По долгу службы, мне на родине доводилось бывать в различных домах престарелых. Руководители этих заведений с гордостью демонстрировали мне медицинское оснащение, полученное в качестве гуманитарной помощи из Германии: «Посмотрите, какие замечательные кровати прислали нам немцы. Представляете, они могут сами подниматься, опускаться, поворачиваться влево и вправо. А вот какие тонкие иголочки с пластмассовой насадочкой! Теперь старички не будут во время уколов шарахаться от шприцев с толстыми, шилоподобными иглами. Достаточно подсоединить к иголочке шнур «системы» с лекарством и никаких лишних отверстий в теле. А здесь, в кладовке, у нас, сухое немецкое питание: вот печенье, шоколад, сухое молоко, кофе. В общем, старички наши теперь, как сыр в масле катаются. Особенно, если учесть, что получают на руки двадцать пять процентов своей пенсии. Я тогда чуть было не обзавидовалась их «счастливой» старости. Спустя несколько лет, работая над подобным репортажем на немецком материале, я посетила несколько домов престарелых в Ольденбурге. Тут, конечно, никто не радуется самопереворачивающимся кроватям, удобным креслам-каталкам и шприцам с тонкими иглами. И карманных денег у жильцов домов старости куда больше, чем у их украинских ровесников. И тратится на них в месяц в среднем две-три тысячи евро. И уход за ними осуществляется на самом высоком уровне.

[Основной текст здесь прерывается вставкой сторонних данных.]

(* Let $L\in\mathbb{R}^{m\times m}$ satisfy $\|\mathrm{e}^{\omega L}\|_\infty\le1$ for all $\omega>0$, and let $f$ satisfy: there exist $\rho>0$ and $\omega_0^+>0$ such that $|\xi+\omega f(\xi)|\le\rho$ for all $\xi\in[-\rho,\rho]$, $\omega\in(0,\omega_0^+]$. Consider the scheme $$u^{(1)}=\mathrm{e}^{\frac{2\tau}{3}L}u^n+\tfrac{2\tau}{3}\mathrm{e}^{\frac{2\tau}{3}L}f(u^n),$$ $$u^{(2)}=\mathrm{e}^{\frac{2\tau}{3}L}u^n+\tfrac{2\tau}{3}\Big(\tfrac13\mathrm{e}^{\frac{2\tau}{3}L}f(u^n)+\tfrac23 f(u^{(1)})\Big),$$ $$u^{n+1}=\mathrm{e}^{\tau L}u^n+\tau\Big(\tfrac{4}{16}\mathrm{e}^{\tau L}f(u^n)+\tfrac{3}{16}\mathrm{e}^{\frac{\tau}{3}L}f(u^{(1)})+\tfrac{9}{16}\mathrm{e}^{\frac{\tau}{3}L}f(u^{(2)})\Big).$$ If $\|u^n\|_\infty\le\rho$ and $0<\tau\le\frac34\omega_0^+$, then $\|u^{n+1}\|_\infty\le\rho$.
   Context: $\|\cdot\|_\infty$ is the vector $\infty$-norm and induced matrix norm; $f(u)$ for a vector $u$ is applied componentwise. *)

theory Defs
  imports "HOL-Analysis.Analysis"
begin

definition mat_pow :: "real^'n^'n \<Rightarrow> nat \<Rightarrow> real^'n^'n" where
  "mat_pow A k = (((**) A) ^^ k) (mat 1)"

definition mat_exp :: "real^'n^'n \<Rightarrow> real^'n^'n" where
  "mat_exp A = (\<Sum>k. (1 / fact k) *\<^sub>R mat_pow A k)"

definition vnorm_inf :: "real^'n \<Rightarrow> real" where
  "vnorm_inf x = (MAX i \<in> UNIV. \<bar>x $ i\<bar>)"

definition mnorm_inf :: "real^'n^'n \<Rightarrow> real" where
  "mnorm_inf A = Sup {vnorm_inf (A *v x) | x. vnorm_inf x \<le> 1}"

definition fvec :: "(real \<Rightarrow> real) \<Rightarrow> real^'n \<Rightarrow> real^'n" where
  "fvec f u = (\<chi> i. f (u $ i))"

end

theory Submission
  imports Defs
begin

text \<open>The forward Euler condition on \<open>f\<close> and the contractivity of \<open>exp(\<omega> L)\<close> each
  preserve the \<open>\<infinity>\<close>-norm ball of radius \<open>\<rho>\<close>, and so does every convex combination.
  In Shu--Osher form every stage of the scheme is a convex combination of vectors
  \<open>exp(s L) (v + \<omega> f(v))\<close> with \<open>v\<close> in the ball and \<open>\<omega> \<le> 4\<tau>/3 \<le> \<omega>0\<close>. The only
  analytic input is the semigroup law \<open>exp(\<tau>/3 L) exp(2\<tau>/3 L) = exp(\<tau> L)\<close>, obtained
  from the power series by a Cauchy product.\<close>

lemma sums_vec_iff:
  fixes f :: "nat \<Rightarrow> 'a::{real_normed_vector}^'n"
  shows "f sums s \<longleftrightarrow> (\<forall>i. (\<lambda>k. f k $ i) sums (s $ i))"
  unfolding sums_def
  by (auto intro: vec_tendstoI dest: tendsto_vec_nth[where i = i for i])

text \<open>Matrices carry no \<open>real_normed_algebra\<close> structure, so the Cauchy product is taken
  entrywise, where the scalar version applies.\<close>

lemma matrix_mult_Cauchy_product_sums:
  fixes A :: "nat \<Rightarrow> real^'n^'m" and B :: "nat \<Rightarrow> real^'p^'n"
  assumes "A sums SA" and "B sums SB"
    and "\<And>i j. summable (\<lambda>k. \<bar>A k $ i $ j\<bar>)" and "\<And>i j. summable (\<lambda>k. \<bar>B k $ i $ j\<bar>)"
  shows "(\<lambda>k. \<Sum>p\<le>k. A p ** B (k - p)) sums (SA ** SB)"
proof -
  have entries: "(\<Sum>k. A k $ i $ l) = SA $ i $ l" "(\<Sum>k. B k $ l $ j) = SB $ l $ j" for i l j
    using assms(1,2) by (simp_all add: sums_vec_iff sums_iff)
  have "(\<lambda>k. \<Sum>l\<in>UNIV. \<Sum>p\<le>k. A p $ i $ l * B (k - p) $ l $ j)
          sums (\<Sum>l\<in>UNIV. (\<Sum>k. A k $ i $ l) * (\<Sum>k. B k $ l $ j))" for i j
    using assms(3,4) by (intro sums_sum Cauchy_product_sums) simp_all
  then show ?thesis
    unfolding sums_vec_iff entries
    by (simp add: matrix_matrix_mult_def sum_distrib_left sum_distrib_right sum.swap[of _ "{.._}"])
qed

lemma mat_pow_0 [simp]: "mat_pow A 0 = mat 1"
  by (simp add: mat_pow_def)

lemma mat_pow_Suc: "mat_pow A (Suc k) = A ** mat_pow A k"
  by (simp add: mat_pow_def)

lemma mat_pow_add: "mat_pow (A :: real^'n^'n) (i + j) = mat_pow A i ** mat_pow A j"
  by (induction i) (simp_all add: mat_pow_Suc matrix_mul_assoc)

lemma mat_pow_scaleR: "mat_pow (c *\<^sub>R A) k = (c ^ k) *\<^sub>R mat_pow A k"
  by (induction k) (simp_all add: mat_pow_Suc matrix_scalar_ac scalar_matrix_assoc[symmetric])

lemma onorm_matrix_mult_le:
  fixes A :: "real^'n^'m" and B :: "real^'p^'n"
  shows "onorm ((*v) (A ** B)) \<le> onorm ((*v) A) * onorm ((*v) B)"
proof -
  have "(*v) (A ** B) = (*v) A \<circ> (*v) B"
    by (simp add: fun_eq_iff matrix_vector_mul_assoc)
  then show ?thesis
    using onorm_compose[OF matrix_vector_mul_bounded_linear matrix_vector_mul_bounded_linear, of A B]
    by simp
qed

lemma onorm_mat_pow_le: "onorm ((*v) (mat_pow (A :: real^'n^'n) k)) \<le> onorm ((*v) A) ^ k"
proof (induction k)
  case 0
  show ?case using onorm_id_le by (simp add: matrix_vector_mul_lid)
next
  case (Suc k)
  have "onorm ((*v) (mat_pow A (Suc k))) \<le> onorm ((*v) A) * onorm ((*v) (mat_pow A k))"
    unfolding mat_pow_Suc by (rule onorm_matrix_mult_le)
  also have "\<dots> \<le> onorm ((*v) A) * onorm ((*v) A) ^ k"
    using Suc.IH by (intro mult_left_mono onorm_pos_le matrix_vector_mul_bounded_linear)
  finally show ?case by simp
qed

definition mat_exp_series :: "real^'n^'n \<Rightarrow> nat \<Rightarrow> real^'n^'n" where
  "mat_exp_series A k = (1 / fact k) *\<^sub>R mat_pow A k"

lemma summable_mat_exp_series_entry: "summable (\<lambda>k. \<bar>mat_exp_series A k $ i $ j\<bar>)"
proof (rule summable_comparison_test)
  let ?r = "onorm ((*v) A)"
  have "\<bar>mat_exp_series A k $ i $ j\<bar> \<le> ?r ^ k / fact k" for k
  proof -
    have "\<bar>mat_pow A k $ i $ j\<bar> \<le> ?r ^ k"
      using matrix_component_le_onorm onorm_mat_pow_le by (rule order_trans)
    then show ?thesis
      by (simp add: mat_exp_series_def divide_right_mono)
  qed
  then show "\<exists>N. \<forall>k\<ge>N. norm \<bar>mat_exp_series A k $ i $ j\<bar> \<le> ?r ^ k / fact k"
    by simp
  show "summable (\<lambda>k. ?r ^ k / fact k)"
    using summable_exp[of ?r] by (simp add: divide_inverse mult.commute)
qed

lemma mat_exp_series_sums: "mat_exp_series A sums mat_exp A"
proof -
  let ?S = "\<chi> i j. \<Sum>k. mat_exp_series A k $ i $ j"
  have "(\<lambda>k. mat_exp_series A k $ i $ j) sums (?S $ i $ j)" for i j
    using summable_sums[OF summable_rabs_cancel[OF summable_mat_exp_series_entry]] by simp
  then have "mat_exp_series A sums ?S"
    by (simp add: sums_vec_iff)
  then show ?thesis
    unfolding mat_exp_def mat_exp_series_def[symmetric] by (simp add: sums_iff)
qed

lemma mat_exp_series_convolution:
  "(\<Sum>p\<le>k. mat_exp_series (a *\<^sub>R L) p ** mat_exp_series (b *\<^sub>R L) (k - p))
     = mat_exp_series ((a + b) *\<^sub>R L) k"
proof -
  have "(\<Sum>p\<le>k. mat_exp_series (a *\<^sub>R L) p ** mat_exp_series (b *\<^sub>R L) (k - p))
      = (\<Sum>p\<le>k. (of_nat (k choose p) * a ^ p * b ^ (k - p) / fact k) *\<^sub>R mat_pow L k)"
  proof (rule sum.cong[OF refl])
    fix p assume "p \<in> {..k}"
    then have "p \<le> k" by simp
    then have "mat_pow L p ** mat_pow L (k - p) = mat_pow L k"
      by (simp flip: mat_pow_add)
    with \<open>p \<le> k\<close> show "mat_exp_series (a *\<^sub>R L) p ** mat_exp_series (b *\<^sub>R L) (k - p)
        = (of_nat (k choose p) * a ^ p * b ^ (k - p) / fact k) *\<^sub>R mat_pow L k"
      by (simp add: mat_exp_series_def mat_pow_scaleR matrix_scalar_ac binomial_fact mult.commute
          flip: scalar_matrix_assoc)
  qed
  also have "\<dots> = ((\<Sum>p\<le>k. of_nat (k choose p) * a ^ p * b ^ (k - p)) / fact k) *\<^sub>R mat_pow L k"
    by (simp add: scaleR_sum_left sum_divide_distrib)
  also have "\<dots> = mat_exp_series ((a + b) *\<^sub>R L) k"
    by (simp add: mat_exp_series_def mat_pow_scaleR binomial_ring)
  finally show ?thesis .
qed

lemma mat_exp_add:
  "mat_exp (a *\<^sub>R L) ** mat_exp (b *\<^sub>R L) = mat_exp ((a + b) *\<^sub>R L)"
proof -
  have "mat_exp_series ((a + b) *\<^sub>R L) sums (mat_exp (a *\<^sub>R L) ** mat_exp (b *\<^sub>R L))"
    using matrix_mult_Cauchy_product_sums[OF mat_exp_series_sums[of "a *\<^sub>R L"]
        mat_exp_series_sums[of "b *\<^sub>R L"] summable_mat_exp_series_entry summable_mat_exp_series_entry]
    by (simp add: mat_exp_series_convolution)
  then show ?thesis
    using mat_exp_series_sums sums_unique2 by blast
qed

lemma vnorm_inf_le_iff: "vnorm_inf x \<le> r \<longleftrightarrow> (\<forall>i. \<bar>x $ i\<bar> \<le> r)"
  unfolding vnorm_inf_def by (subst Max_le_iff) auto

lemma abs_le_vnorm_inf: "\<bar>x $ i\<bar> \<le> vnorm_inf x"
  unfolding vnorm_inf_def by (rule Max_ge) auto

lemma vnorm_inf_nonneg: "0 \<le> vnorm_inf x"
  using abs_le_vnorm_inf abs_ge_zero order_trans by blast

lemma vnorm_inf_matrix_vector_le_abs_sum:
  "vnorm_inf (A *v x) \<le> (\<Sum>i\<in>UNIV. \<Sum>j\<in>UNIV. \<bar>A $ i $ j\<bar>) * vnorm_inf x"
  unfolding vnorm_inf_le_iff
proof
  fix i
  have "\<bar>(A *v x) $ i\<bar> \<le> (\<Sum>j\<in>UNIV. \<bar>A $ i $ j * x $ j\<bar>)"
    unfolding matrix_vector_mult_def by (simp only: vec_lambda_beta sum_abs)
  also have "\<dots> \<le> (\<Sum>j\<in>UNIV. \<bar>A $ i $ j\<bar> * vnorm_inf x)"
    unfolding abs_mult by (intro sum_mono mult_left_mono abs_le_vnorm_inf abs_ge_zero)
  also have "\<dots> \<le> (\<Sum>i\<in>UNIV. \<Sum>j\<in>UNIV. \<bar>A $ i $ j\<bar>) * vnorm_inf x"
    unfolding sum_distrib_right[symmetric]
    by (intro mult_right_mono vnorm_inf_nonneg
        member_le_sum[where f = "\<lambda>i. \<Sum>j\<in>UNIV. \<bar>A $ i $ j\<bar>"] sum_nonneg) auto
  finally show "\<bar>(A *v x) $ i\<bar> \<le> (\<Sum>i\<in>UNIV. \<Sum>j\<in>UNIV. \<bar>A $ i $ j\<bar>) * vnorm_inf x" .
qed

lemma bdd_above_mnorm_inf_set: "bdd_above {vnorm_inf (A *v y) | y. vnorm_inf y \<le> 1}"
proof (rule bdd_aboveI)
  let ?B = "\<Sum>i\<in>UNIV. \<Sum>j\<in>UNIV. \<bar>A $ i $ j\<bar>"
  fix s assume "s \<in> {vnorm_inf (A *v y) | y. vnorm_inf y \<le> 1}"
  then obtain y where "s = vnorm_inf (A *v y)" and "vnorm_inf y \<le> 1" by blast
  moreover have "0 \<le> ?B" by (intro sum_nonneg) simp
  ultimately show "s \<le> ?B"
    using vnorm_inf_matrix_vector_le_abs_sum[of A y] mult_left_le order_trans by blast
qed

lemma vnorm_inf_matrix_vector_le: "vnorm_inf (A *v x) \<le> mnorm_inf A * vnorm_inf x"
proof (cases "vnorm_inf x = 0")
  case True
  then show ?thesis
    using vnorm_inf_matrix_vector_le_abs_sum[of A x] by simp
next
  case False
  let ?r = "vnorm_inf x"
  have r: "?r > 0"
    using False vnorm_inf_nonneg[of x] by linarith
  have "vnorm_inf ((1 / ?r) *\<^sub>R x) \<le> 1"
    unfolding vnorm_inf_le_iff using r abs_le_vnorm_inf[of x] by (simp add: divide_le_eq_1)
  then have "vnorm_inf (A *v ((1 / ?r) *\<^sub>R x)) \<le> mnorm_inf A"
    unfolding mnorm_inf_def by (intro cSup_upper bdd_above_mnorm_inf_set) blast
  then have "\<bar>(A *v x) $ i\<bar> / ?r \<le> mnorm_inf A" for i
    using abs_le_vnorm_inf[of "A *v ((1 / ?r) *\<^sub>R x)" i] r
    by (simp add: matrix_vector_mult_scaleR)
  then show ?thesis
    using r by (simp add: vnorm_inf_le_iff pos_divide_le_eq mult.commute)
qed

lemma vnorm_inf_contraction:
  assumes "mnorm_inf A \<le> 1"
  shows "vnorm_inf (A *v x) \<le> vnorm_inf x"
proof -
  have "vnorm_inf (A *v x) \<le> mnorm_inf A * vnorm_inf x"
    by (rule vnorm_inf_matrix_vector_le)
  also have "\<dots> \<le> vnorm_inf x"
    using mult_right_mono[OF assms vnorm_inf_nonneg] by simp
  finally show ?thesis .
qed

lemma vnorm_inf_convex_combination_le:
  assumes "vnorm_inf x \<le> \<rho>" "vnorm_inf y \<le> \<rho>" "0 \<le> a" "0 \<le> b" "a + b = 1"
  shows "vnorm_inf (a *\<^sub>R x + b *\<^sub>R y) \<le> \<rho>"
  unfolding vnorm_inf_le_iff
proof
  fix i
  have "\<bar>a * x $ i + b * y $ i\<bar> \<le> a * \<bar>x $ i\<bar> + b * \<bar>y $ i\<bar>"
    using abs_triangle_ineq[of "a * x $ i" "b * y $ i"] assms(3,4) by (simp add: abs_mult)
  also have "\<dots> \<le> a * \<rho> + b * \<rho>"
    using assms by (intro add_mono mult_left_mono) (auto simp: vnorm_inf_le_iff)
  also have "\<dots> = \<rho>"
    by (simp add: assms(5) flip: distrib_right)
  finally show "\<bar>(a *\<^sub>R x + b *\<^sub>R y) $ i\<bar> \<le> \<rho>" by simp
qed

lemma vnorm_inf_forward_euler_le:
  assumes f: "\<And>\<xi> \<omega>. \<xi> \<in> {-\<rho>..\<rho>} \<Longrightarrow> \<omega> \<in> {0<..\<omega>0} \<Longrightarrow> \<bar>\<xi> + \<omega> * f \<xi>\<bar> \<le> \<rho>"
    and "vnorm_inf w \<le> \<rho>" and "\<omega> \<in> {0<..\<omega>0}"
  shows "vnorm_inf (w + \<omega> *\<^sub>R fvec f w) \<le> \<rho>"
  unfolding vnorm_inf_le_iff
proof
  fix i
  have "\<bar>w $ i\<bar> \<le> \<rho>"
    using assms(2) vnorm_inf_le_iff by blast
  then have "w $ i \<in> {-\<rho>..\<rho>}"
    by (simp add: abs_le_iff)
  then show "\<bar>(w + \<omega> *\<^sub>R fvec f w) $ i\<bar> \<le> \<rho>"
    using f assms(3) by (simp add: fvec_def)
qed

lemma exponential_rk3_Shu_Osher_form:
  fixes E1 E2 E3 :: "real^'n^'n" and g :: "real^'n \<Rightarrow> real^'n"
  assumes E: "E3 ** E2 = E1"
    and u1: "u1 = E2 *v un + (2*\<tau>/3) *\<^sub>R (E2 *v g un)"
    and u2: "u2 = E2 *v un + (2*\<tau>/3) *\<^sub>R ((1/3) *\<^sub>R (E2 *v g un) + (2/3) *\<^sub>R g u1)"
    and un1: "un1 = E1 *v un + \<tau> *\<^sub>R ((4/16) *\<^sub>R (E1 *v g un)
                        + (3/16) *\<^sub>R (E3 *v g u1) + (9/16) *\<^sub>R (E3 *v g u2))"
  shows "u1 = E2 *v (un + (2*\<tau>/3) *\<^sub>R g un)"
    and "u2 = (2/3) *\<^sub>R (E2 *v un) + (1/3) *\<^sub>R (u1 + (4*\<tau>/3) *\<^sub>R g u1)"
    and "un1 = (27/64) *\<^sub>R (E3 *v (u2 + (4*\<tau>/3) *\<^sub>R g u2))
             + (37/64) *\<^sub>R (E1 *v (un + (10*\<tau>/37) *\<^sub>R g un))"
proof -
  show "u1 = E2 *v (un + (2*\<tau>/3) *\<^sub>R g un)"
    by (simp add: u1 matrix_vector_right_distrib matrix_vector_mult_scaleR)
  show "u2 = (2/3) *\<^sub>R (E2 *v un) + (1/3) *\<^sub>R (u1 + (4*\<tau>/3) *\<^sub>R g u1)"
    unfolding u2 by (subst (2) u1) (simp add: vec_eq_iff algebra_simps)
  have "E3 *v u2 = E1 *v un + (2*\<tau>/3) *\<^sub>R ((1/3) *\<^sub>R (E1 *v g un) + (2/3) *\<^sub>R (E3 *v g u1))"
    unfolding u2 E[symmetric]
    by (simp add: matrix_vector_right_distrib matrix_vector_mult_scaleR matrix_vector_mul_assoc)
  then show "un1 = (27/64) *\<^sub>R (E3 *v (u2 + (4*\<tau>/3) *\<^sub>R g u2))
             + (37/64) *\<^sub>R (E1 *v (un + (10*\<tau>/37) *\<^sub>R g un))"
    unfolding un1
    by (simp add: matrix_vector_right_distrib matrix_vector_mult_scaleR vec_eq_iff algebra_simps)
qed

Немецкие дома престарелых, действительно, поражают своим комфортом и хорошей оснащенностью. В каждом из них имеются маленькие бары, кафе или просто холлы для встреч, где можно поболтать с посетителями, выпить вина или пива. Один раз в месяц для пациентов проводят богослужение. Мобильные старички принимают участие в экскурсиях и поездках. Для них организовываются музыкальные и литературные вечера; празднуются дни рождения: регулярно проводятся лечебная физкультура, массаж, психологический тренинг, тренинг памяти и др. Так что, если и считать пребывание в доме престарелых карой божьей, то не лишним будет напомнить, что за карой этой следует еще «постоять» в очереди. Ожидание комнаты на одного человека в среднем составляет от одного месяца до полугода, а для получения отдельных апартаментов и того больше. Мужчинам следует дожидаться вакансии значительно дольше, т.к. в домах престарелых количество мужских мест, как правило, составляет только 20—30% от общего числа.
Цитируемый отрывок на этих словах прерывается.